Agentic Jackal: Live Execution and Semantic Value Grounding for Text-to-JQL

2026-04-10Computation and Language

Computation and Language
AI summary

The authors created Jackal, a big test set with 100,000 examples that shows how to turn everyday language into Jira Query Language (JQL) commands by running real queries on a live Jira system. They found that regular language models struggle with this task, especially when questions are tricky or ambiguous. To improve results, they built Agentic Jackal, a tool that helps models check their queries by actually running them and use smart search to understand Jira-specific categories better. Their tests show this tool helps a lot, especially in recognizing specific Jira fields and values. The authors also noted that most mistakes come from confusing similar types of Jira issues or text fields, suggesting clear paths for future improvements.

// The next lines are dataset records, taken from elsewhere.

lemma char_poly_eq_of_scaled_transpose_isolated:
  fixes A B :: "'a :: field mat"
  assumes "A \<in> carrier_mat n n" and "B \<in> carrier_mat n n"
    and "\<And>i j. i < n \<Longrightarrow> j < n \<Longrightarrow> A $$ (i,j) * d j = d i * B $$ (j,i)"
    and "\<And>i j. i < n \<Longrightarrow> j < n \<Longrightarrow> d i = 0 \<Longrightarrow> j \<noteq> i \<Longrightarrow> A $$ (i,j) = 0 \<and> B $$ (i,j) = 0"
    and "\<And>i. i < n \<Longrightarrow> A $$ (i,i) = B $$ (i,i)"
  shows "char_poly A = char_poly B"
  using assms
proof (induction n arbitrary: A B d)
  case (Suc n)
  show ?case
  proof (cases "\<exists>k < Suc n. d k = 0")
    case False
    then show ?thesis
      using Suc.prems by (intro char_poly_eq_of_scaled_transpose[where d = d]) auto
  next
    case True
    then obtain k where k: "k < Suc n" "d k = 0" by blast
    let ?up = "\<lambda>i. if i < k then i else Suc i"
    have up: "?up i < Suc n" "?up i = ?up j \<longleftrightarrow> i = j" if "i < n" "j < n" for i j
      using that k by auto
    have delete: "mat_delete X k k \<in> carrier_mat n n"
      "\<And>i j. i < n \<Longrightarrow> j < n \<Longrightarrow> mat_delete X k k $$ (i,j) = X $$ (?up i, ?up j)"
      if "X \<in> carrier_mat (Suc n) (Suc n)" for X :: "'a mat"
      using that by (auto simp: mat_delete_def)
    have "char_poly (mat_delete A k k) = char_poly (mat_delete B k k)"
      using Suc.prems up by (intro Suc.IH[where d = "d \<circ> ?up"]) (auto simp: delete)
    then show ?thesis
      using Suc.prems k
      by (simp add: char_poly_isolated_row[of A "Suc n" k] char_poly_isolated_row[of B "Suc n" k])
  qed
qed (auto intro: char_poly_eq_of_scaled_transpose)

definition nodal_prod :: "nat \<Rightarrow> (nat \<Rightarrow> 'a :: comm_ring_1) \<Rightarrow> nat \<Rightarrow> 'a" where
  "nodal_prod n xi i = (\<Prod>k\<in>{0..<n} - {i}. xi i - xi k)"

definition lagrange_basis :: "nat \<Rightarrow> (nat \<Rightarrow> 'a :: field) \<Rightarrow> nat \<Rightarrow> 'a poly" where
  "lagrange_basis n xi k = Polynomial.smult (1 / nodal_prod n xi k) (\<Prod>m\<in>{0..<n} - {k}. [:- xi m, 1:])"

lemma nodal_prod_nonzero:
  fixes xi :: "nat \<Rightarrow> 'a :: idom"
  assumes "inj_on xi {0..<n}" and "i < n"
  shows "nodal_prod n xi i \<noteq> 0"
  using assms by (auto simp: nodal_prod_def inj_on_def)

lemma poly_pderiv_prod_linear:
  fixes c :: "'b \<Rightarrow> 'a :: idom"
  assumes "finite S"
  shows "poly (pderiv (\<Prod>m\<in>S. [:- c m, 1:])) x = (\<Sum>a\<in>S. \<Prod>m\<in>S - {a}. x - c m)"
  using assms by (simp add: pderiv_prod pderiv_pCons poly_sum poly_prod)

lemma poly_pderiv_prod_linear_root:
  fixes c :: "'b \<Rightarrow> 'a :: idom"
  assumes "finite S" and "i \<in> S"
  shows "poly (pderiv (\<Prod>m\<in>S. [:- c m, 1:])) (c i) = (\<Prod>m\<in>S - {i}. c i - c m)"
proof -
  have "(\<Sum>a\<in>S - {i}. \<Prod>m\<in>S - {a}. c i - c m) = 0"
    using assms by (intro sum.neutral ballI prod_zero) auto
  then show ?thesis
    using assms by (simp add: poly_pderiv_prod_linear sum.remove)
qed

lemma poly_pderiv_prod_linear_nonroot:
  fixes c :: "'b \<Rightarrow> 'a :: field"
  assumes "finite S" and "\<And>m. m \<in> S \<Longrightarrow> x \<noteq> c m"
  shows "poly (pderiv (\<Prod>m\<in>S. [:- c m, 1:])) x = (\<Prod>m\<in>S. x - c m) * (\<Sum>a\<in>S. 1 / (x - c a))"
proof -
  have "(\<Prod>m\<in>S - {a}. x - c m) = (\<Prod>m\<in>S. x - c m) / (x - c a)" if "a \<in> S" for a
    using assms that by (simp add: prod_diff1)
  then show ?thesis
    using assms by (simp add: poly_pderiv_prod_linear sum_distrib_left)
qed

context
  fixes xi :: "nat \<Rightarrow> 'a :: field" and n :: nat
  assumes inj: "inj_on xi {0..<n}"
begin

lemma poly_lagrange_basis:
  assumes "i < n" and "k < n"
  shows "poly (lagrange_basis n xi k) (xi i) = (if i = k then 1 else 0)"
  using assms nodal_prod_nonzero[OF inj \<open>k < n\<close>]
  by (auto simp: lagrange_basis_def nodal_prod_def poly_prod)

lemma degree_lagrange_basis:
  assumes "k < n"
  shows "degree (lagrange_basis n xi k) < n"
proof -
  have "degree (\<Prod>m\<in>{0..<n} - {k}. [:- xi m, 1:]) \<le> (\<Sum>m\<in>{0..<n} - {k}. 1)"
    by (rule order_trans[OF degree_prod_sum_le]) auto
  also have "\<dots> < n"
    using assms by simp
  finally show ?thesis
    unfolding lagrange_basis_def using degree_smult_le le_less_trans by blast
qed

lemma lagrange_interpolation:
  assumes "degree q < n"
  shows "(\<Sum>k<n. Polynomial.smult (poly q (xi k)) (lagrange_basis n xi k)) = q"
proof (rule poly_eqI_degree[of "xi ` {0..<n}"])
  fix x
  assume "x \<in> xi ` {0..<n}"
  then obtain i where i: "i < n" and x: "x = xi i"
    by auto
  have "(\<Sum>k<n. poly q (xi k) * poly (lagrange_basis n xi k) (xi i))
      = (\<Sum>k<n. if k = i then poly q (xi i) else 0)"
    using i by (intro sum.cong) (auto simp: poly_lagrange_basis)
  then show "poly (\<Sum>k<n. Polynomial.smult (poly q (xi k)) (lagrange_basis n xi k)) x = poly q x"
    using i x by (simp add: poly_sum)
next
  have card: "card (xi ` {0..<n}) = n"
    using inj by (simp add: card_image)
  show "degree (\<Sum>k<n. Polynomial.smult (poly q (xi k)) (lagrange_basis n xi k)) < card (xi ` {0..<n})"
    unfolding card using assms
    by (intro degree_sum_less) (auto intro: le_less_trans[OF degree_smult_le] degree_lagrange_basis)
  show "degree q < card (xi ` {0..<n})"
    unfolding card by (rule assms)
qed

lemma poly_pderiv_lagrange_basis:
  assumes i: "i < n" and k: "k < n"
  shows "poly (pderiv (lagrange_basis n xi k)) (xi i) =
    (if i = k then (\<Sum>m\<in>{0..<n} - {i}. 1 / (xi i - xi m))
     else nodal_prod n xi i / ((xi i - xi k) * nodal_prod n xi k))"
proof (cases "i = k")
  case True
  have "poly (pderiv (\<Prod>m\<in>{0..<n} - {k}. [:- xi m, 1:])) (xi k)
      = nodal_prod n xi k * (\<Sum>m\<in>{0..<n} - {k}. 1 / (xi k - xi m))"
    using inj k by (subst poly_pderiv_prod_linear_nonroot) (auto simp: nodal_prod_def inj_on_def)
  then show ?thesis
    using True nodal_prod_nonzero[OF inj k] by (simp add: lagrange_basis_def pderiv_smult)
next
  case False
  have "nodal_prod n xi i = (xi i - xi k) * (\<Prod>m\<in>{0..<n} - {k} - {i}. xi i - xi m)"
    unfolding nodal_prod_def using False k by (subst prod.remove[of _ k]) (auto intro: prod.cong)
  moreover have "poly (pderiv (\<Prod>m\<in>{0..<n} - {k}. [:- xi m, 1:])) (xi i)
      = (\<Prod>m\<in>{0..<n} - {k} - {i}. xi i - xi m)"
    using False i by (intro poly_pderiv_prod_linear_root) auto
  moreover have "xi i - xi k \<noteq> 0"
    using inj False i k by (auto simp: inj_on_def)
  ultimately show ?thesis
    using False by (simp add: lagrange_basis_def pderiv_smult)
qed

Jira Query Language (JQL)Large Language Models (LLMs)natural language processingbenchmark datasetquery executioncategorical value resolutionsemantic retrievalboolean predicatesdisambiguationembedding-based similarity search
Authors
Vishnu Murali, Anmol Gulati, Elias Lumer, Kevin Frank, Sindy Campagna, Vamse Kumar Subbiah
Abstract
Translating natural language into Jira Query Language (JQL) requires resolving ambiguous field references, instance-specific categorical values, and complex Boolean predicates. Single-pass LLMs cannot discover which categorical values (e.g., component names or fix versions) actually exist in a given Jira instance, nor can they verify generated queries against a live data source, limiting accuracy on paraphrased or ambiguous requests. No open, execution-based benchmark exists for mapping natural language to JQL. We introduce Jackal, the first large-scale, execution-based text-to-JQL benchmark comprising 100,000 validated NL-JQL pairs on a live Jira instance with over 200,000 issues. To establish baselines on Jackal, we propose Agentic Jackal, a tool-augmented agent that equips LLMs with live query execution via the Jira MCP server and JiraAnchor, a semantic retrieval tool that resolves natural-language mentions of categorical values through embedding-based similarity search. Among 9 frontier LLMs evaluated, single-pass models average only 43.4% execution accuracy on short natural-language queries, highlighting that text-to-JQL remains an open challenge. The agentic approach improves 7 of 9 models, with a 9.0% relative gain on the most linguistically challenging variant; in a controlled ablation isolating JiraAnchor, categorical-value accuracy rises from 48.7% to 71.7%, with component-field accuracy jumping from 16.9% to 66.2%. Our analysis identifies inherent semantic ambiguities, such as issue-type disambiguation and text-field selection, as the dominant failure modes rather than value-resolution errors, pointing to concrete directions for future work. We publicly release the benchmark, all agent transcripts, and evaluation code to support reproducibility.